We figure they must be hearing impaired and are used to yelling at each other. What’s riveting is how rude the yells are. They are sneery, smartarse, and snappy, even squabbling over whether they’ll use hand sanitizer on the handle of the trolley when they get inside.
She’s eager to do so, he’s rubbishing her intention on the basis of Covid being a respiratory disease and how many people breathe on their trolleys?
The two represent the latest edition of Alan Bennett’s category of “ancient couples who have spent a lifetime honing their skills at scoring off one another.”
FRIDAY
The one good thing is the WHO rubbishing the possibility of the new southern African variant being called Nu. Although a virus doesn’t exactly have to sell itself, Nu would have been a brand name as weak, watery, and pointless as “Eir.”
Instead, it’s called Omicron — although if you listen out over the next few weeks, my bet is that you’ll frequently hear it pronounced as Omnicron.
The EU reaction to Omicron demonstrates speed rather than judgement, closing down flights so that when the Department of Foreign Affairs sensibly orders Irish people in South Africa to get their asses home, it’s not clear how they’re going to do it.
The EU action was bluntly short-sighted. The precipitate close down carries the dread prospect that people wanting to get out of southern Africa will find ways to get themselves to whatever country they can and proceed to their homeland from there, thereby multiplying the possibility of seeding that first host country with the new variant.
The question the EU doesn’t seem to have asked before it panicked was “How sick does Omicron make you?” Sure, it transmits better than a 5G signal.
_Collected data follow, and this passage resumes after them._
(* Let $D$ be a database, $\mathcal{A}$ an automaton and $s,t$ vertices of $D$. Let $P_{s,t}=\{w\in\llbracket\mathcal{A}\rrbracket_W(D): \mathrm{src}(w)=s,\ \mathrm{tgt}(w)=t\}$. Every walk of minimal length in $P_{s,t}$ belongs to $\llbracket\mathcal{A}\rrbracket_{SR}(D)$.
   Context: A database is $D=(\Sigma,V,E,\mathrm{src},\mathrm{tgt},\mathrm{lbl})$ with finite alphabet $\Sigma$, finite vertex set $V$, finite edge set $E$, $\mathrm{src},\mathrm{tgt}:E\to V$, $\mathrm{lbl}:E\to2^\Sigma$. A walk is $(n_0,e_0,\dots,e_{k-1},n_k)$ with $\mathrm{src}(e_i)=n_i$, $\mathrm{tgt}(e_i)=n_{i+1}$; its length is $k$. A walk is simple if it repeats no vertex. An automaton is $\mathcal{A}=(\Sigma,Q,\Delta,I,F)$ with $\Delta\subseteq Q\times\Sigma\times Q$. The run database $D\times\mathcal{A}$ has vertices $V\times Q$ and edges $(e,(q,a,q'))$ for $e\in E$, $(q,a,q')\in\Delta$, $a\in\mathrm{lbl}(e)$, from $(\mathrm{src}(e),q)$ to $(\mathrm{tgt}(e),q')$. A run is a walk of $D\times\mathcal{A}$ from $V\times I$ to $V\times F$; $\pi_D$ is the projection to $D$. Walk semantics: $\llbracket\mathcal{A}\rrbracket_W(D)$ is the bag of $\pi_D(r)$ over all runs $r$ (equivalently the walks $w$ of $D$ with $\mathrm{lbl}(w)\cap L(\mathcal{A})\neq\emptyset$, where $\mathrm{lbl}(w)=\{u_0\cdots u_{k-1}:u_i\in\mathrm{lbl}(e_i)\}$). Simple-run semantics: $\llbracket\mathcal{A}\rrbracket_{SR}(D)$ is the bag of $\pi_D(r)$ over all simple runs $r$. *)

theory Defs
  imports Main
begin

record ('s, 'v, 'e) db =
  verts :: "'v set"
  edges :: "'e set"
  src :: "'e \<Rightarrow> 'v"
  tgt :: "'e \<Rightarrow> 'v"
  lbl :: "'e \<Rightarrow> 's set"

definition wf_db :: "'s set \<Rightarrow> ('s, 'v, 'e) db \<Rightarrow> bool" where
  "wf_db \<Sigma> D \<longleftrightarrow> finite \<Sigma> \<and> finite (verts D) \<and> finite (edges D) \<and>
     (\<forall>e \<in> edges D. src D e \<in> verts D \<and> tgt D e \<in> verts D \<and> lbl D e \<subseteq> \<Sigma>)"

record ('s, 'q) automaton =
  states :: "'q set"
  delta :: "('q \<times> 's \<times> 'q) set"
  init :: "'q set"
  final :: "'q set"

definition wf_aut :: "'s set \<Rightarrow> ('s, 'q) automaton \<Rightarrow> bool" where
  "wf_aut \<Sigma> A \<longleftrightarrow> finite (states A) \<and> delta A \<subseteq> states A \<times> \<Sigma> \<times> states A \<and>
     init A \<subseteq> states A \<and> final A \<subseteq> states A"

text \<open>A walk (n0, e0, ..., e(k-1), nk) is represented by its start vertex n0 and
  its list of edges [e0, ..., e(k-1)]; the vertices n1..nk are the targets.\<close>
type_synonym ('v, 'e) walk = "'v \<times> 'e list"

definition walk_verts :: "('s, 'v, 'e) db \<Rightarrow> ('v, 'e) walk \<Rightarrow> 'v list" where
  "walk_verts D w = fst w # map (tgt D) (snd w)"

definition is_walk :: "('s, 'v, 'e) db \<Rightarrow> ('v, 'e) walk \<Rightarrow> bool" where
  "is_walk D w \<longleftrightarrow> fst w \<in> verts D \<and> set (snd w) \<subseteq> edges D \<and>
     (\<forall>i < length (snd w). src D (snd w ! i) = walk_verts D w ! i)"

definition walk_len :: "('v, 'e) walk \<Rightarrow> nat" where
  "walk_len w = length (snd w)"

definition walk_src :: "('s, 'v, 'e) db \<Rightarrow> ('v, 'e) walk \<Rightarrow> 'v" where
  "walk_src D w = fst w"

definition walk_tgt :: "('s, 'v, 'e) db \<Rightarrow> ('v, 'e) walk \<Rightarrow> 'v" where
  "walk_tgt D w = last (walk_verts D w)"

definition simple_walk :: "('s, 'v, 'e) db \<Rightarrow> ('v, 'e) walk \<Rightarrow> bool" where
  "simple_walk D w \<longleftrightarrow> is_walk D w \<and> distinct (walk_verts D w)"

text \<open>Run database D x A. Edge labels are irrelevant; we label (e,(q,a,q')) by {a}.\<close>
definition run_db :: "('s, 'v, 'e) db \<Rightarrow> ('s, 'q) automaton \<Rightarrow>
    ('s, 'v \<times> 'q, 'e \<times> ('q \<times> 's \<times> 'q)) db" where
  "run_db D A = \<lparr> verts = verts D \<times> states A,
      edges = {(e, (q, a, q')). e \<in> edges D \<and> (q, a, q') \<in> delta A \<and> a \<in> lbl D e},
      src = (\<lambda>(e, (q, a, q')). (src D e, q)),
      tgt = (\<lambda>(e, (q, a, q')). (tgt D e, q')),
      lbl = (\<lambda>(e, (q, a, q')). {a}) \<rparr>"

definition is_run :: "('s, 'v, 'e) db \<Rightarrow> ('s, 'q) automaton \<Rightarrow>
    ('v \<times> 'q, 'e \<times> ('q \<times> 's \<times> 'q)) walk \<Rightarrow> bool" where
  "is_run D A r \<longleftrightarrow> is_walk (run_db D A) r \<and>
     snd (walk_src (run_db D A) r) \<in> init A \<and> snd (walk_tgt (run_db D A) r) \<in> final A"

definition proj_D :: "('v \<times> 'q, 'e \<times> ('q \<times> 's \<times> 'q)) walk \<Rightarrow> ('v, 'e) walk" where
  "proj_D r = (fst (fst r), map fst (snd r))"

text \<open>Support of the walk semantics and simple-run semantics bags
  (a walk belongs to the bag iff its multiplicity is positive).\<close>
definition sem_W :: "('s, 'v, 'e) db \<Rightarrow> ('s, 'q) automaton \<Rightarrow> ('v, 'e) walk set" where
  "sem_W D A = {proj_D r | r. is_run D A r}"

definition sem_SR :: "('s, 'v, 'e) db \<Rightarrow> ('s, 'q) automaton \<Rightarrow> ('v, 'e) walk set" where
  "sem_SR D A = {proj_D r | r. is_run D A r \<and> simple_walk (run_db D A) r}"

definition P_st :: "('s, 'v, 'e) db \<Rightarrow> ('s, 'q) automaton \<Rightarrow> 'v \<Rightarrow> 'v \<Rightarrow> ('v, 'e) walk set" where
  "P_st D A s t = {w \<in> sem_W D A. walk_src D w = s \<and> walk_tgt D w = t}"

end

theory Submission
  imports Defs
begin

text \<open>If a run repeats a vertex of the run database, cutting out the cycle between the two
  visits leaves a shorter run with the same first and last vertex, hence with an initial
  start state and a final end state. Its projection is a shorter walk from s to t in the
  walk semantics. So a minimal walk of P_st is the projection of a run without repeated
  vertices.\<close>

lemma length_walk_verts [simp]: "length (walk_verts G w) = Suc (walk_len w)"
  by (simp add: walk_verts_def walk_len_def)

lemma is_walk_iff_map_src:
  "is_walk G w \<longleftrightarrow>
     fst w \<in> verts G \<and> set (snd w) \<subseteq> edges G \<and> map (src G) (snd w) = butlast (walk_verts G w)"
proof -
  have "map (src G) (snd w) = butlast (walk_verts G w) \<longleftrightarrow>
        (\<forall>i < length (snd w). src G (snd w ! i) = walk_verts G w ! i)"
    by (simp add: list_eq_iff_nth_eq nth_butlast walk_len_def)
  then show ?thesis by (simp add: is_walk_def)
qed

lemma walk_verts_cut:
  assumes "i < j" "j \<le> length es"
    and "walk_verts G (v, es) ! i = walk_verts G (v, es) ! j"
  shows "walk_verts G (v, take i es @ drop j es)
         = take i (walk_verts G (v, es)) @ drop j (walk_verts G (v, es))"
proof -
  let ?vs = "walk_verts G (v, es)"
  have "take (Suc i) ?vs = take i ?vs @ [?vs ! j]"
    using assms by (simp add: take_Suc_conv_app_nth walk_len_def)
  moreover have "?vs ! j # drop (Suc j) ?vs = drop j ?vs"
    using assms(2) by (simp add: Cons_nth_drop_Suc walk_len_def)
  moreover have "walk_verts G (v, take i es @ drop j es) = take (Suc i) ?vs @ drop (Suc j) ?vs"
    using assms(1,2) by (simp add: walk_verts_def take_map drop_map)
  ultimately show ?thesis by simp
qed

lemma
  assumes walk: "is_walk G (v, es)" and ij: "i < j" "j \<le> length es"
    and loop: "walk_verts G (v, es) ! i = walk_verts G (v, es) ! j"
  shows is_walk_cut: "is_walk G (v, take i es @ drop j es)"
    and walk_tgt_cut: "walk_tgt G (v, take i es @ drop j es) = walk_tgt G (v, es)"
proof -
  let ?vs = "walk_verts G (v, es)"
  have len: "j < length ?vs" using ij by (simp add: walk_len_def)
  have "map (src G) es = butlast ?vs"
    using walk by (simp add: is_walk_iff_map_src)
  then have "map (src G) (take i es @ drop j es) = take i (butlast ?vs) @ drop j (butlast ?vs)"
    by (metis map_append take_map drop_map)
  also have "\<dots> = butlast (take i ?vs @ drop j ?vs)"
    using ij len by (simp add: butlast_append take_butlast butlast_drop)
  finally show "is_walk G (v, take i es @ drop j es)"
    using walk walk_verts_cut[OF ij loop]
    by (auto simp: is_walk_iff_map_src dest: in_set_takeD in_set_dropD)
  show "walk_tgt G (v, take i es @ drop j es) = walk_tgt G (v, es)"
    using len by (simp add: walk_tgt_def walk_verts_cut[OF ij loop])
qed

lemma walk_shortcut:
  assumes walk: "is_walk G w" and "\<not> distinct (walk_verts G w)"
  obtains w' where "is_walk G w'" "walk_src G w' = walk_src G w"
    "walk_tgt G w' = walk_tgt G w" "walk_len w' < walk_len w"
proof -
  obtain v es where w: "w = (v, es)" by (cases w)
  obtain i j where ij: "i < j" "j < length (walk_verts G w)"
    and loop: "walk_verts G w ! i = walk_verts G w ! j"
    using assms(2) by (metis distinct_conv_nth linorder_neqE_nat)
  let ?w' = "(v, take i es @ drop j es)"
  have j: "j \<le> length es" using ij w by (simp add: walk_len_def)
  show ?thesis
  proof
    show "is_walk G ?w'" "walk_tgt G ?w' = walk_tgt G w"
      using is_walk_cut[OF _ ij(1) j] walk_tgt_cut[OF _ ij(1) j] loop walk w by simp_all
    show "walk_src G ?w' = walk_src G w" "walk_len ?w' < walk_len w"
      using ij(1) j w by (auto simp: walk_src_def walk_len_def)
  qed
qed

lemma walk_len_proj_D [simp]: "walk_len (proj_D r) = walk_len r"
  by (simp add: walk_len_def proj_D_def)

lemma walk_verts_proj_D: "walk_verts D (proj_D r) = map fst (walk_verts (run_db D A) r)"
  by (auto simp: walk_verts_def proj_D_def run_db_def split: prod.splits)

lemma walk_src_proj_D: "walk_src D (proj_D r) = fst (walk_src (run_db D A) r)"
  by (simp add: walk_src_def proj_D_def)

lemma walk_tgt_proj_D: "walk_tgt D (proj_D r) = fst (walk_tgt (run_db D A) r)"
  unfolding walk_tgt_def walk_verts_proj_D[of D r A] by (simp add: last_map walk_verts_def)

lemma proj_D_run_in_P_st:
  assumes "is_run D A r"
  shows "proj_D r \<in> P_st D A (fst (walk_src (run_db D A) r)) (fst (walk_tgt (run_db D A) r))"
  using assms walk_src_proj_D[of D r A] walk_tgt_proj_D[of D r A]
  unfolding P_st_def sem_W_def by blast

theorem proposition19:
  fixes \<Sigma> :: "'s set" and D :: "('s, 'v, 'e) db" and A :: "('s, 'q) automaton"
    and s t :: 'v and w :: "('v, 'e) walk"
  assumes "wf_db \<Sigma> D" and "wf_aut \<Sigma> A"
    and "s \<in> verts D" and "t \<in> verts D"
    and "w \<in> P_st D A s t"
    and "\<forall>w' \<in> P_st D A s t. walk_len w \<le> walk_len w'"
  shows "w \<in> sem_SR D A"
proof -
  from assms(5) obtain r where run: "is_run D A r" and w: "w = proj_D r"
    and "walk_src D w = s" "walk_tgt D w = t"
    unfolding P_st_def sem_W_def by blast
  then have st: "fst (walk_src (run_db D A) r) = s" "fst (walk_tgt (run_db D A) r) = t"
    by (simp_all add: walk_src_proj_D[of D r A] walk_tgt_proj_D[of D r A])
  have "distinct (walk_verts (run_db D A) r)"
  proof (rule ccontr)
    assume "\<not> distinct (walk_verts (run_db D A) r)"
    moreover have "is_walk (run_db D A) r" using run by (simp add: is_run_def)
    ultimately obtain r' where "is_walk (run_db D A) r'"
      and same_ends: "walk_src (run_db D A) r' = walk_src (run_db D A) r"
        "walk_tgt (run_db D A) r' = walk_tgt (run_db D A) r"
      and shorter: "walk_len r' < walk_len r"
      using walk_shortcut by blast
    with run have "is_run D A r'" by (simp add: is_run_def)
    then have "proj_D r' \<in> P_st D A s t"
      using proj_D_run_in_P_st[of D A r'] st same_ends by simp
    with assms(6) have "walk_len w \<le> walk_len (proj_D r')" by blast
    with shorter w show False by simp
  qed
  with run w show ?thesis unfolding sem_SR_def simple_walk_def is_run_def by blast
qed

end
lemma fL_fJoin:
  fixes F :: "'i \<Rightarrow> fuzzy"
  assumes F: "\<forall>i. F i \<in> NCFD" and v: "0 \<le> v" "v \<le> 1"
  shows "fL (fJoin F) v = Inf (range (\<lambda>i. fL (F i) v))"
proof (rule antisym)
  show "fL (fJoin F) v \<le> Inf (range (\<lambda>i. fL (F i) v))"
  proof (rule fL_least[OF v(1)])
    fix u assume u: "0 \<le> u" "u \<le> v"
    show "fJoin F u \<le> Inf (range (\<lambda>i. fL (F i) v))"
    proof (rule fJoin_least)
      fix x :: "'i \<Rightarrow> real" assume x: "\<forall>i. 0 \<le> x i \<and> x i \<le> 1" "Sup (range x) = u"
      show "Inf (range (\<lambda>i. F i (x i))) \<le> Inf (range (\<lambda>i. fL (F i) v))"
      proof (rule cINF_greatest)
        fix i
        have "Inf (range (\<lambda>i. F i (x i))) \<le> F i (x i)"
          by (rule unit_family_Sup_Inf(2)[OF NCFD_family_bounds[OF F x(1)]])
        also have "\<dots> \<le> fL (F i) v"
          using fL_upper[of "F i" "x i" v] F x unit_family_Sup_Inf(1)[OF x(1), of i] u v by auto
        finally show "Inf (range (\<lambda>i. F i (x i))) \<le> fL (F i) v" .
      qed simp
    qed (use u v in auto)
  qed
  obtain p where p: "\<forall>i. 0 \<le> p i \<and> p i \<le> 1 \<and> F i (p i) = 1" using F by (rule NCFD_family_peaksE)
  define x where "x i = min v (p i)" for i
  have x: "\<forall>i. 0 \<le> x i \<and> x i \<le> 1" using p v by (simp add: x_def min_le_iff_disj)
  have "Sup (range x) \<le> v" by (rule cSUP_least) (simp_all add: x_def)
  have "fL (F i) v = F i (x i)" for i
    using fL_peak[of "F i" "p i" v] F p v by (auto simp: x_def min_def)
  then have "Inf (range (\<lambda>i. fL (F i) v)) \<le> fJoin F (Sup (range x))"
    using fJoin_upper[OF F x] by simp
  also have "\<dots> \<le> fL (fJoin F) v"
    using fL_upper[OF fJoin_NCFD[OF F]] unit_family_Sup_Inf(3)[OF x] \<open>Sup (range x) \<le> v\<close> v by simp
  finally show "Inf (range (\<lambda>i. fL (F i) v)) \<le> fL (fJoin F) v" .
qed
But that doesn’t matter if people who pick it up don’t get seriously ill — and the evidence, thus far, is that they don’t.
So the European Commission may have devastated tourism — the only industry many of southern Africa’s countries have — without concrete evidence attesting to the danger of Omicron. Because South Africa has high-end surveillance systems and ‘fessed up responsibly, they’re being punished to a degree unrelated to the danger thus far revealed.
SATURDAY
It doesn’t matter if the tickets are long-haul or short-haul, families all around Ireland who four days ago were mentally ticking off the days to the point of embarkation are now filled with the fear of having to spoil everyone’s Christmas or post-Christmas by postponing the trip.